Imagination is deeply entrenched in American ethos. From the “American Dream” to American “History” to “American exceptionalism”: the cruel, savage reality of this country’s past, present, and future beckons us to nurture selective memories and vivid imaginations. We are taught concocted histories and rationales of America’s Immaculate Conception and manifested destinies; where ethnic cleansing, slavery, genocide, exploitation, and appropriation exist only as figments of our… imagination.  President Obama’s recent comments in the Atlantic are a prime example: providing us both a case study and test of our collective capacity to conjure.

‘On Israel, Obama endorsed, in moving terms, the underlying rationale for the existence of  a Jewish state, making a direct connection between the battle for African American equality and the fight for Jewish national equality. “There’s a direct line between supporting the right of the Jewish people to have a homeland and to feel safe and free of discrimination and persecution, and the right of African Americans to vote and have equal protection under the law. These things are indivisible in my mind.”’

On its face, it may seem like the above statement shouldn’t warrant even the slightest iota of imagination: President Obama is merely relaying the oft-used trope of Zionist-African-American solidarity! Anyone can understand that, right? Especially the much maligned, ever-resilient African Americans. President Obama is just reminding us of the strong historical similarities that we share with the apartheid state of Israel. No imagination needed here.

I’m sure you’ve heard the story too many times to count, but I’ll refresh your memory.

After much debate between the United States and the British and the signing of the landmark 1964 Civil Rights Act, Black Americans, in addition to a substantial reparations package, were given what was once known as the states of Georgia, Louisiana, Florida, Mississippi, and Alabama for Africans to settle.
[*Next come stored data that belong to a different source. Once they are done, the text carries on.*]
(* Let $(M,M_0)$ be a manifold–submanifold pair, $(X,x_0)$ a based space, $C=C(M,M_0;X)$ and $V=\bigvee_{k\ge1}D_k$. Then $\Psi\circ\sigma=(\sigma\triangle\sigma)\circ\Delta$ as maps $C\to\mathrm{SP}(V\wedge V)$.
   Context: $C(M,M_0;X)$ is the space of finite labelled configurations $\xi_I=\{(m_i,x_i)\}_{i\in I}$ ($m_i\in M$ pairwise distinct, $x_i\in X$) modulo the relation generated by $\xi_I\sim\xi_I\cup\{(m,x)\}$ whenever $m\in M_0$ or $x=x_0$; $\xi_J=\{(m_i,x_i)\}_{i\in J}$ for $J\subseteq I$. $C_k$ is the subspace of configurations with at most $k$ points, $D_k=C_k/C_{k-1}$ based at the collapsed point, $V=\bigvee_{k\ge1}D_k$. For a based space $(Y,e)$, $\mathrm{SP}(Y)$ is the free unital abelian monoid on $Y$ with identity $e$. The scanning map $\sigma:C\to\mathrm{SP}(V)$ is $\xi_I\mapsto\sum_{J\subseteq I}\xi_J$. $\Delta:C\to C\wedge C$ is the diagonal $\xi\mapsto(\xi,\xi)$. $\Psi:V\to\mathrm{SP}(V\wedge V)$ is $\xi_I\mapsto\sum_{A,B\subseteq I,\ A\cup B=I}(\xi_A,\xi_B)$, also denoting its extension to a monoid homomorphism $\mathrm{SP}(V)\to\mathrm{SP}(V\wedge V)$. For based maps $f:A\to\mathrm{SP}(B)$, $g:A'\to\mathrm{SP}(B')$, $f\triangle g:A\wedge A'\to\mathrm{SP}(B\wedge B')$ sends $(a,a')$ to $\sum_{i,j}(b_i,b'_j)$ where $f(a)=\sum_i b_i$, $g(a')=\sum_j b'_j$. *)

theory Defs
  imports Main "HOL-Library.Multiset"
begin

text \<open>A configuration is a finite partial map from M to X. Every class of
 C(M,M0;X) has a unique reduced representative: no point in M0 and no label x0.
 We identify C with the set of reduced configurations; the basepoint
 (empty configuration) is Map.empty.\<close>

definition config_space :: "'m set \<Rightarrow> 'm set \<Rightarrow> 'x set \<Rightarrow> 'x \<Rightarrow> ('m \<rightharpoonup> 'x) set" where
  "config_space M M0 X x0 =
     {\<xi>. finite (dom \<xi>) \<and> dom \<xi> \<subseteq> M - M0 \<and> ran \<xi> \<subseteq> X - {x0}}"

definition subconf :: "('m \<rightharpoonup> 'x) \<Rightarrow> 'm set \<Rightarrow> ('m \<rightharpoonup> 'x)" where
  "subconf \<xi> J = \<xi> |` J"

text \<open>Points of V = wedge of the D_k (k >= 1): None is the wedge point; Some xi
 with xi a reduced configuration with exactly k >= 1 points is the point of D_k
 given by xi.\<close>

definition V_pt :: "('m \<rightharpoonup> 'x) \<Rightarrow> ('m \<rightharpoonup> 'x) option" where
  "V_pt \<xi> = (if dom \<xi> = {} then None else Some \<xi>)"

text \<open>Smash products: a point of A smash B is None (the basepoint) or Some (a,b)
 with a, b non-base. For based spaces modelled with basepoint None: \<close>

definition smash_pt :: "'a option \<times> 'b option \<Rightarrow> ('a \<times> 'b) option" where
  "smash_pt p = (case p of (Some a, Some b) \<Rightarrow> Some (a, b) | _ \<Rightarrow> None)"

text \<open>SP(Y,e): finite multisets of non-base points; the generator associated to y
 (the identity e when y is the basepoint None).\<close>

definition sp_gen :: "'a option \<Rightarrow> 'a option multiset" where
  "sp_gen y = (if y = None then {#} else {#y#})"

definition scan :: "('m \<rightharpoonup> 'x) \<Rightarrow> ('m \<rightharpoonup> 'x) option multiset" where
  "scan \<xi> = (\<Sum>J\<in>Pow (dom \<xi>). sp_gen (V_pt (subconf \<xi> J)))"

definition diag :: "('m \<rightharpoonup> 'x) \<Rightarrow> (('m \<rightharpoonup> 'x) \<times> ('m \<rightharpoonup> 'x)) option" where
  "diag \<xi> = smash_pt (V_pt \<xi>, V_pt \<xi>)"

definition Psi_pt :: "('m \<rightharpoonup> 'x) option \<Rightarrow> (('m \<rightharpoonup> 'x) \<times> ('m \<rightharpoonup> 'x)) option multiset" where
  "Psi_pt v = (case v of None \<Rightarrow> {#}
     | Some \<xi> \<Rightarrow> (\<Sum>(A,B)\<in>{(A,B). A \<union> B = dom \<xi>}.
                   sp_gen (smash_pt (V_pt (subconf \<xi> A), V_pt (subconf \<xi> B)))))"

definition Psi :: "('m \<rightharpoonup> 'x) option multiset \<Rightarrow> (('m \<rightharpoonup> 'x) \<times> ('m \<rightharpoonup> 'x)) option multiset" where
  "Psi S = sum_mset (image_mset Psi_pt S)"

definition tri :: "('a \<Rightarrow> 'b option multiset) \<Rightarrow> ('c \<Rightarrow> 'd option multiset)
                   \<Rightarrow> ('a \<times> 'c) option \<Rightarrow> ('b \<times> 'd) option multiset" where
  "tri f g p = (case p of None \<Rightarrow> {#}
     | Some (a, a') \<Rightarrow> sum_mset (image_mset (\<lambda>b. sum_mset (image_mset (\<lambda>b'. sp_gen (smash_pt (b, b'))) (g a'))) (f a)))"

end

theory Submission
  imports Defs
begin

text \<open>Writing \<open>P\<close> for the nonempty subsets of the support of \<open>\<xi>\<close>, the scan \<open>\<sigma>(\<xi>)\<close> is the
  sum of the subconfigurations \<open>\<xi>\<^sub>J\<close>, \<open>J \<in> P\<close>. Both sides of the identity are then the sum of
  \<open>(\<xi>\<^sub>A, \<xi>\<^sub>B)\<close> over all \<open>(A, B) \<in> P \<times> P\<close>: the right-hand side directly as a double sum, the
  left-hand side grouped by \<open>J = A \<union> B\<close>, because \<open>(\<xi>\<^sub>J)\<^sub>A = \<xi>\<^sub>A\<close> for \<open>A \<subseteq> J\<close>.\<close>

lemma scan_eq_sum_restrict:
  assumes "finite (dom \<xi>)"
  shows "scan \<xi> = (\<Sum>J\<in>Pow (dom \<xi>) - {{}}. {#Some (\<xi> |` J)#})"
proof -
  have "scan \<xi> = (\<Sum>J\<in>Pow (dom \<xi>) - {{}}. sp_gen (V_pt (subconf \<xi> J)))"
    unfolding scan_def
    by (rule sum.mono_neutral_right) (auto simp: assms sp_gen_def V_pt_def subconf_def)
  also have "\<dots> = (\<Sum>J\<in>Pow (dom \<xi>) - {{}}. {#Some (\<xi> |` J)#})"
    by (rule sum.cong) (auto simp: sp_gen_def V_pt_def subconf_def)
  finally show ?thesis .
qed

lemma Psi_singleton: "Psi {#v#} = Psi_pt v"
  by (simp add: Psi_def)

lemma Psi_sum: "Psi (\<Sum>x\<in>S. F x) = (\<Sum>x\<in>S. Psi (F x))"
  by (induction S rule: infinite_finite_induct) (simp_all add: Psi_def)

lemma V_pt_subconf_restrict:
  assumes "A \<subseteq> J" and "A \<subseteq> dom \<xi>" and "A \<noteq> {}"
  shows "V_pt (subconf (\<xi> |` J) A) = Some (\<xi> |` A)"
proof -
  have "subconf (\<xi> |` J) A = \<xi> |` A"
    using assms(1) by (simp add: subconf_def Int_absorb1)
  moreover have "dom (\<xi> |` A) \<noteq> {}"
    using assms(2,3) by auto
  ultimately show ?thesis
    by (simp add: V_pt_def)
qed

lemma Psi_pt_restrict:
  assumes "J \<subseteq> dom \<xi>" and "finite J"
  shows "Psi_pt (Some (\<xi> |` J)) =
    (\<Sum>(A, B)\<in>{(A, B). A \<union> B = J \<and> A \<noteq> {} \<and> B \<noteq> {}}. {#Some (\<xi> |` A, \<xi> |` B)#})"
proof -
  let ?summand = "\<lambda>(A, B). sp_gen (smash_pt (V_pt (subconf (\<xi> |` J) A), V_pt (subconf (\<xi> |` J) B)))"
  have dom_restrict: "dom (\<xi> |` J) = J"
    using assms by auto
  have finite_pairs: "finite {(A, B). A \<union> B = J}"
    by (rule finite_subset[of _ "Pow J \<times> Pow J"]) (auto simp: assms(2))
  have "Psi_pt (Some (\<xi> |` J)) = sum ?summand {(A, B). A \<union> B = J}"
    by (simp only: Psi_pt_def option.case dom_restrict)
  also have "\<dots> = sum ?summand {(A, B). A \<union> B = J \<and> A \<noteq> {} \<and> B \<noteq> {}}"
    using finite_pairs
    by (intro sum.mono_neutral_right)
       (auto simp: sp_gen_def smash_pt_def V_pt_def subconf_def split: option.splits)
  also have "\<dots> = (\<Sum>(A, B)\<in>{(A, B). A \<union> B = J \<and> A \<noteq> {} \<and> B \<noteq> {}}.
                    {#Some (\<xi> |` A, \<xi> |` B)#})"
  proof (rule sum.cong)
    fix AB assume "AB \<in> {(A, B). A \<union> B = J \<and> A \<noteq> {} \<and> B \<noteq> {}}"
    then obtain A B where "AB = (A, B)" "A \<union> B = J" "A \<noteq> {}" "B \<noteq> {}"
      by blast
    moreover from this assms(1) have "V_pt (subconf (\<xi> |` J) A) = Some (\<xi> |` A)"
      and "V_pt (subconf (\<xi> |` J) B) = Some (\<xi> |` B)"
      by (auto intro!: V_pt_subconf_restrict)
    ultimately show "?summand AB = (\<lambda>(A, B). {#Some (\<xi> |` A, \<xi> |` B)#}) AB"
      by (simp add: sp_gen_def smash_pt_def)
  qed simp
  finally show ?thesis .
qed

lemma Psi_scan:
  assumes "finite (dom \<xi>)"
  defines "P \<equiv> Pow (dom \<xi>) - {{}}"
  shows "Psi (scan \<xi>) = (\<Sum>(A, B)\<in>P \<times> P. {#Some (\<xi> |` A, \<xi> |` B)#})"
proof -
  let ?pair = "\<lambda>(A, B). {#Some (\<xi> |` A, \<xi> |` B)#}"
  have "Psi (scan \<xi>) = (\<Sum>J\<in>P. Psi_pt (Some (\<xi> |` J)))"
    by (simp add: scan_eq_sum_restrict[OF assms(1)] Psi_sum Psi_singleton P_def)
  also have "\<dots> = (\<Sum>J\<in>P. sum ?pair {x \<in> P \<times> P. fst x \<union> snd x = J})"
  proof (rule sum.cong)
    fix J assume "J \<in> P"
    then have "{(A, B). A \<union> B = J \<and> A \<noteq> {} \<and> B \<noteq> {}} = {x \<in> P \<times> P. fst x \<union> snd x = J}"
      by (auto simp: P_def)
    moreover from \<open>J \<in> P\<close> assms(1) have "J \<subseteq> dom \<xi>" "finite J"
      by (auto simp: P_def intro: finite_subset)
    ultimately show "Psi_pt (Some (\<xi> |` J)) = sum ?pair {x \<in> P \<times> P. fst x \<union> snd x = J}"
      by (simp add: Psi_pt_restrict)
  qed simp
  also have "\<dots> = sum ?pair (P \<times> P)"
  proof (rule sum.group)
    show "finite P"
      using assms(1) by (simp add: P_def)
    then show "finite (P \<times> P)"
      by simp
    show "(\<lambda>x. fst x \<union> snd x) ` (P \<times> P) \<subseteq> P"
      by (auto simp: P_def)
  qed
  finally show ?thesis .
qed

lemma tri_scan_scan_diag:
  assumes "finite (dom \<xi>)"
  defines "P \<equiv> Pow (dom \<xi>) - {{}}"
  shows "tri scan scan (diag \<xi>) = (\<Sum>(A, B)\<in>P \<times> P. {#Some (\<xi> |` A, \<xi> |` B)#})"
proof (cases "dom \<xi> = {}")
  case True
  then show ?thesis
    by (simp add: tri_def diag_def V_pt_def smash_pt_def P_def)
next
  case False
  have scan_image: "scan \<xi> = image_mset (\<lambda>J. Some (\<xi> |` J)) (mset_set P)"
    by (simp add: scan_eq_sum_restrict[OF assms(1)] sum_unfold_sum_mset P_def)
  have "tri scan scan (diag \<xi>) = (\<Sum>A\<in>P. \<Sum>B\<in>P. {#Some (\<xi> |` A, \<xi> |` B)#})"
    using False
    by (simp add: tri_def diag_def V_pt_def smash_pt_def sp_gen_def scan_image
                  multiset.map_comp o_def sum_unfold_sum_mset)
  then show ?thesis
    by (simp add: sum.cartesian_product)
qed

theorem proposition2p2:
  fixes M M0 :: "'m set" and X :: "'x set" and x0 :: 'x
  assumes "M0 \<subseteq> M" and "x0 \<in> X"
  shows "\<forall>\<xi>\<in>config_space M M0 X x0. Psi (scan \<xi>) = tri scan scan (diag \<xi>)"
proof
  fix \<xi> :: "'m \<rightharpoonup> 'x"
  assume "\<xi> \<in> config_space M M0 X x0"
  then have "finite (dom \<xi>)"
    by (simp add: config_space_def)
  then show "Psi (scan \<xi>) = tri scan scan (diag \<xi>)"
    by (simp add: Psi_scan tri_scan_scan_diag)
qed

end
Harkening to Biblical references of a miracle balm able to heal any condition the first settlers renamed the land ‘Gilead’, and set about bringing the vision of the ‘Promised Land’ from dream to reality.  

The first settlers began arriving in 1964 and embarked on the grueling task of cleansing the land of white residents and indigenous people. It wasn’t easy but after the massacre of thousands and mass evacuations of hundreds of thousands, and with millions of whites and native peoples resettled in refugee camps scattered across Mexico, Canada, and Texas, the sons and daughters of African slaves finally had a home to call their own. Today, ‘Gilead’ continues the dehumanization, occupation, and incarceration of thousands of native peoples within and outside its ever-expanding apartheid regime. Human rights violations abound, children are bombed, while the ‘civilized’ world is split between defending ‘Gilead’s’ right to ethnic purity and looking the other way.

This must be the ‘direct line’ that President Obama is referring to, right?

In January, I joined a delegation of organizers from the United States in a pilgrimage to Palestine.  What I saw there was cold, calculating racism and ethnic privilege masquerading as a Jewish State.

I listened to the brilliant poetry of an unbroken Palestinian boy, the liberated artistry of once-silenced Palestinian girls, saw the unapologetic paintings of an affable artist-turned-activist.  I dined in the home of a woman who lost her unborn child to brutal Israeli occupation; a life snuffed out before it’s first breath.

Statements like Obama’s, and a chorus of others, would have you to believe that the state of Israel was founded for the safety, security and sovereignty of a “People without a home.”  Pundits and politicians tout their records on Israel and champion its defense at all costs. Detractors to this article will tell you that Israel was founded and filled with love.

It is a lie. It is, like much of what we are told about Israeli history, a figment of our well-manicured imagination. It is a fact that all people deserve security and safety, but that never gives people the right to bomb indiscriminately (Gaza is, yet again, under fire), incarcerate people indeterminately, and replicate the cruel discrimination and displacement that led to the founding of your supposed “homeland”.  The Black Liberation struggle in the US has always understood this and the days of standing idly by while thousands die are over.

The Dream Defenders fully support the growing BDS (Boycott, Divest, and Sanction) movement and will continue to stand with Palestinians struggling to secure their freedom and equal rights against Israeli and US persecution.

There is no direct line from Zionism to the Black Freedom struggle. No rhetorical imagination-acrobatics can conjure one and no amount of intimidation can chart one. It is a racist, exploitative, and exclusionary ideology; its eagerness to attack and silence detractors is only matched by its eagerness to co-opt the struggles of Blacks in this country (by a Black in this country) for its own survival.

Palestinians are far too familiar with lines.  Dotted lines drawn arbitrarily through ancient homelands.  Concrete lines erected through villages, between blood relatives.  Lines of Palestinians waiting at checkpoints.  Cemeteries lined with the bodies of sisters, and brothers, fathers, and mothers.  The political line: “Love for Israel; Hate for Palestinians.”

Maybe THIS is what President Obama was referring to. In both Israel and the United States, there is a direct line between love for Country and hate for the exploited….

Imagine that.

Phillip Agnew is the Mission Director of the Dream Defenders.